Branch Protection for Monorepos
Large monorepos with multiple services need more nuanced rules. Consider:
- Path-based CODEOWNERS: Route reviews to the team that owns each service directory
- Conditional required checks: Use job conditionals in GitHub Actions to only run relevant tests based on changed paths
- Rulesets per service: Create separate rulesets with different bypass lists for different service directories
Example path-conditional workflow:
jobs:
test-api:
if: |
contains(github.event.pull_request.changed_files, 'services/api/')
runs-on: ubuntu-latest
steps:
- uses: actions/checkout@v4
- run: cd services/api && npm testFrequently Asked Questions
Q: What are branch protection rules in GitHub and what can they enforce?
Branch protection rules prevent direct pushes, force-pushes, and deletions on important branches (typically main or release/*). They can require: pull request reviews before merging, passing status checks (CI tests), signed commits, linear history (no merge commits), and conversation resolution. Set them in repository Settings → Branches → Add rule. GitHub Enterprise adds rulesets with more granular controls and organisation-wide enforcement.
Q: How do you require a specific CI check to pass before a PR can be merged?

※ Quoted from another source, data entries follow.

theorem lemma1:
  shows "(\<forall>\<delta>::nat \<Rightarrow> real. (\<forall>n. \<delta> n > 0) \<and> \<delta> \<longlonglongrightarrow> 0 \<longrightarrow>
            continuous_seminorm_on_F (delta_norm \<delta> :: (('d::finite \<Rightarrow> nat) \<Rightarrow> 'a::banach) \<Rightarrow> real)) \<and>
         (\<forall>p :: (('d \<Rightarrow> nat) \<Rightarrow> 'a) \<Rightarrow> real. continuous_seminorm_on_F p \<longrightarrow>
            (\<exists>\<delta>::nat \<Rightarrow> real. (\<forall>n. \<delta> n > 0) \<and> \<delta> \<longlonglongrightarrow> 0 \<and>
               (\<exists>C. \<forall>x\<in>Fspace. p x \<le> C * delta_norm \<delta> x)))"
proof (intro conjI allI impI)
  fix \<delta> :: "nat \<Rightarrow> real"
  assume "(\<forall>n. \<delta> n > 0) \<and> \<delta> \<longlonglongrightarrow> 0"
  then show "continuous_seminorm_on_F (delta_norm \<delta> :: (('d \<Rightarrow> nat) \<Rightarrow> 'a) \<Rightarrow> real)"
    by (intro continuous_seminorm_delta_norm) (auto simp: less_imp_le)
qed (rule continuous_seminorm_le_delta_norm)

end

In the branch protection rule, enable "Require status checks to pass before merging" and search for the check name (the job name from your workflow, e.g. test). The check must have run at least once before it appears in the search. Once added as a required check, GitHub blocks the merge button until that specific check reports success on the latest commit of the PR.
Q: Can repository admins bypass branch protection rules?
By default yes — repository admins can bypass most protections. To prevent this, enable "Do not allow bypassing the above settings" in the branch protection rule. For organisation-critical branches, use GitHub's Rulesets feature which supports bypass lists with explicit named users or teams, giving you fine-grained control over who can override protections in emergency situations.
Q: What is the difference between branch protection rules and rulesets?
Branch protection rules are per-repository and have been in GitHub since the early days. Rulesets are newer, support organisation-wide enforcement, offer push rules, and include a bypass actor system with an audit log. For new setups, prefer rulesets. For existing repos already using branch protection, migration is straightforward — the core options are identical.
Q: How do I set up CODEOWNERS without blocking all merges?
First create the CODEOWNERS file and merge it into main before enabling "Require review from Code Owners" in branch settings. If you enable it before the file exists, GitHub treats the entire repository as unowned and adds the repo owner as a required reviewer on every PR. Always commit the CODEOWNERS file first.
Key Takeaway
Branch protection rules transform your repository from an open playground into a production-grade delivery pipeline. The combination of required reviews, mandatory CI checks, and CODEOWNERS file creates multiple layers of defense against bad code reaching production. Start with the basics — require PRs and at least one status check — and add more rules as your team grows. For organisations managing multiple repositories, migrate to Rulesets for centralised, auditable enforcement.